Roque João José Nunes, Martins Carlos, Bugalho Maria João Guerreiro Martins
Endocrinology Department, Hospital de Santa Maria, Lisboa, Portugal.
Vascular Surgery Department, Hospital de Santa Maria, Lisboa, Portugal.
BMJ Case Rep. 2022 Mar 29;15(3):e247023. doi: 10.1136/bcr-2021-247023.
Pheochromocytoma and paraganglioma (PGL) are rare neuroendocrine tumours, frequently associated with genetic syndromes. We report the case of a man in his 40s with a left anterior neck mass and a history of hypertensive crisis, heavy sweating and constipation. Biochemical tests showed increased plasma and urine normetanephrines. Neck ultrasound suggested left carotid body PGL, but it was mandatory to search for other lesions. Whole-body MIBG failed to show abnormal uptake. Abdominal MRI was suggestive of another PGL, anterior to the right adrenal gland. Abdominal surgery was performed uneventfully under alpha and beta blockers. This intervention proved to be effective, as normetanephrines levels became completely normal after 1 month. Carotid body PGL was successfully excised 4-months later. Genetic study identified a large deletion in exon 1 of the SDHB gene allowing the diagnosis of paraganglioma syndrome type 4 (PGL4). After 19 months of follow-up, he is still on clinical and biochemical remission and will continue life-long surveillance.

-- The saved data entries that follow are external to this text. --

lemma flow_into_complement_from_N:
  assumes "(d, v) \<in> flow V r par T cut" "v \<notin> N"
  shows "d \<in> children v \<inter> N"
proof -
  have "(d, v) \<in> tedges V r par \<and> reachable_avoiding T (verts cut) d"
    using subsetD[OF flow_subset_reachable assms(1)] by simp
  then show ?thesis using reachable_avoiding_cut_in_N assms(2) by (auto simp: children_def)
qed

lemma accum2_cut_flow:
  assumes "v \<in> V" "v \<notin> N" "v \<notin> S"
  shows "accum2 v cut (flow V r par T cut) \<ge> (if v = r \<and> v \<in> P then 1 else 0)"
proof -
  define A where "A = {c \<in> children v. c \<in> P \<and> (v \<in> P \<longrightarrow> rank c < rank v)}"
  have "{c. (c, v) \<in> cut} = A" using assms(2) by (auto simp: A_def in_cut_iff)
  then have cut_in: "card {e \<in> cut. snd e = v} = card A" by (simp add: card_in_edges)
  have "card {e \<in> cut. fst e = v} \<le> 1" using card_out_edges_le_1[OF cut_subset] .
  moreover have "card {e \<in> cut. fst e = v} = 0" if "v \<notin> P \<or> v = r"
  proof -
    have "{e \<in> cut. fst e = v} = {}" using that by (auto simp: cut_def tedges_iff)
    then show ?thesis by (simp only: card.empty)
  qed
  ultimately have cut_out: "card {e \<in> cut. fst e = v} \<le> (if v \<in> P \<and> v \<noteq> r then 1 else 0)"
    by auto
  have "{c. (c, v) \<in> flow V r par T cut} \<subseteq> children v \<inter> N"
    using flow_into_complement_from_N assms(2) by blast
  then have flow_in: "card {e \<in> flow V r par T cut. snd e = v} \<le> card (children v \<inter> N)"
    unfolding card_in_edges using finite_children[OF assms(1)] by (intro card_mono) auto
  have "accum2 v cut (flow V r par T cut)
      \<ge> int (card A) - int (card {e \<in> cut. fst e = v}) - int (card (children v \<inter> N))"
    using cut_in flow_in unfolding accum2_def accum_def by linarith
  moreover have "card (children v \<inter> N) < card A" if "v \<in> P"
    using outnumbers[OF that assms(3)] that by (simp add: A_def)
  moreover have "card (children v \<inter> N) = card A" if "v \<notin> P"
    using ties[OF assms(1) that assms(2)] that by (simp add: A_def Int_def)
  ultimately show ?thesis using cut_out by (cases "v \<in> P"; cases "v = r"; simp; linarith)
qed

lemma cut_blue_blockage: "blue_blockage V r par S T cut"
  unfolding blue_blockage_def
proof (intro conjI ballI cut_subset cut_rayless)
  show "verts cut \<inter> T = {}" using verts_cut_disjoint_N T_subset_N by blast
  fix v assume v: "v \<in> verts cut \<union> {r} - S"
  then have "v \<in> V" "v \<notin> N"
    using verts_subset_V[OF cut_subset] root_in_V verts_cut_disjoint_N root_notin_N by auto
  have "0 \<le> (if v = r \<and> v \<in> P then 1 else 0 :: int)" by simp
  also have "\<dots> \<le> accum2 v cut (flow V r par T cut)"
    using accum2_cut_flow \<open>v \<in> V\<close> \<open>v \<notin> N\<close> v by blast
  finally show "accum2 v cut (flow V r par T cut) \<ge> 0" .
qed

lemma cut_strong_blue_blockage:
  assumes "r \<in> P" "r \<notin> S"
  shows "strong_blue_blockage V r par S T cut"
  using cut_blue_blockage accum2_cut_flow[OF root_in_V root_notin_N assms(2)] assms(1)
  by (simp add: strong_blue_blockage_def)

lemma cut_red_blockage: "red_blockage V r par T S cut"
  using cut_blue_blockage by (simp add: blue_blockage_def red_blockage_def)

end

context locally_finite_rooted_tree
begin

lemma winning_sets_of_win:
  assumes "S \<subseteq> leaves V r par" "T \<subseteq> leaves V r par" "S \<inter> T = {}"
    and P: "P = win S N" and N: "N = win T P" and "r \<notin> N"
  shows "winning_sets V r par S T P N (win_rank S N)"
proof (intro winning_sets.intro locally_finite_rooted_tree_axioms winning_sets_axioms.intro)
  show "S \<subseteq> leaves V r par" "r \<notin> N" by fact+
  show "T \<subseteq> N" using N win_iff by blast
  show "P \<inter> N = {}" using win_disjoint[OF assms(1-5)] .
  show "card (children v \<inter> N) < card {c \<in> children v. c \<in> P \<and> win_rank S N c < win_rank S N v}"
    if "v \<in> P" "v \<notin> S" for v
    using win_rank_children[of v S N] that P by simp
  show "card (children v \<inter> P) = card (children v \<inter> N)" if "v \<in> V" "v \<notin> P" "v \<notin> N" for v
  proof -
    have "\<not> card (children v \<inter> N) < card (children v \<inter> P)"
      using that win_iff[of v S N, folded P] by blast
    moreover have "\<not> card (children v \<inter> P) < card (children v \<inter> N)"
      using that win_iff[of v T P, folded N] by blast
    ultimately show ?thesis by linarith
  qed
qed

lemma mutual_win_fixpoint:
  obtains P N where "P = win S N" "N = win T P"
proof -
  let ?F = "\<lambda>Q. win T (win S Q)"
  have "mono ?F" by (auto intro!: monoI win_antimono)
  then have "lfp ?F = ?F (lfp ?F)" by (rule lfp_unfold)
  then show thesis using that[of "win S (lfp ?F)" "lfp ?F"] by simp
qed

lemma red_blockage_empty:
  assumes "r \<in> leaves V r par"
  shows "red_blockage V r par B R {}"
proof -
  have "flow V r par B {} \<subseteq> tedges V r par" using flow_subset_reachable by blast
  then have "{e \<in> flow V r par B {}. snd e = r} = {}" "{e \<in> flow V r par B {}. fst e = r} = {}"
    using children_leaf[OF assms] by (auto simp: children_def tedges_def)
  then have "accum2 r {} (flow V r par B {}) = 0"
    unfolding accum2_def accum_def by (simp only: card.empty) simp
  then show ?thesis by (auto simp: red_blockage_def rayless_def verts_def)
qed

end

theorem theorem1p1:
  fixes V :: "'a set" and r :: 'a and par :: "'a \<Rightarrow> 'a" and B R :: "'a set"
  assumes "rooted_tree V r par"
    and "locally_finite_tree V r par"
    and "B \<subseteq> leaves V r par" and "R \<subseteq> leaves V r par"
    and "B \<inter> R = {}"
  shows "(\<exists>X. strong_blue_blockage V r par B R X) \<or> (\<exists>X. red_blockage V r par B R X)"
proof -
  interpret locally_finite_rooted_tree V r par using assms(1,2) by unfold_locales
  show ?thesis
  proof (cases "r \<in> leaves V r par")
    case True
    then show ?thesis using red_blockage_empty by blast
  next
    case False
    then have "r \<notin> B" using assms(3) by blast
    obtain P N where P: "P = win B N" and N: "N = win R P" by (rule mutual_win_fixpoint)
    show ?thesis
    proof (cases "r \<in> P")
      case True
      then have "r \<notin> N" using win_disjoint[OF assms(3-5) P N] by blast
      interpret blue: winning_sets V r par B R P N "win_rank B N"
        by (rule winning_sets_of_win[OF assms(3-5) P N \<open>r \<notin> N\<close>])
      show ?thesis using blue.cut_strong_blue_blockage[OF True \<open>r \<notin> B\<close>] by blast
    next
      case False
      have "R \<inter> B = {}" using assms(5) by blast
      interpret red: winning_sets V r par R B N P "win_rank R P"
        by (rule winning_sets_of_win[OF assms(4,3) \<open>R \<inter> B = {}\<close> N P False])
      show ?thesis using red.cut_red_blockage by blast
    qed
  qed
qed

end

嗜铬细胞瘤和副神经节瘤(PGL)是罕见的神经内分泌肿瘤,常与遗传综合征相关。我们报告了一例40多岁男性病例,该患者左前颈部有肿块,并有高血压危象、多汗和便秘病史。生化检查显示血浆和尿去甲肾上腺素水平升高。颈部超声提示左侧颈动脉体副神经节瘤,但必须寻找其他病变。全身间碘苄胍(MIBG)显像未显示异常摄取。腹部磁共振成像(MRI)提示右肾上腺前方还有一个副神经节瘤。在α和β受体阻滞剂的作用下,顺利进行了腹部手术。该干预措施证明是有效的,因为去甲肾上腺素水平在1个月后完全恢复正常。4个月后成功切除了颈动脉体副神经节瘤。基因研究发现SDHB基因第1外显子存在大片段缺失,从而诊断为4型副神经节瘤综合征(PGL4)。经过19个月的随访,他仍处于临床和生化缓解状态,并将继续接受终身监测。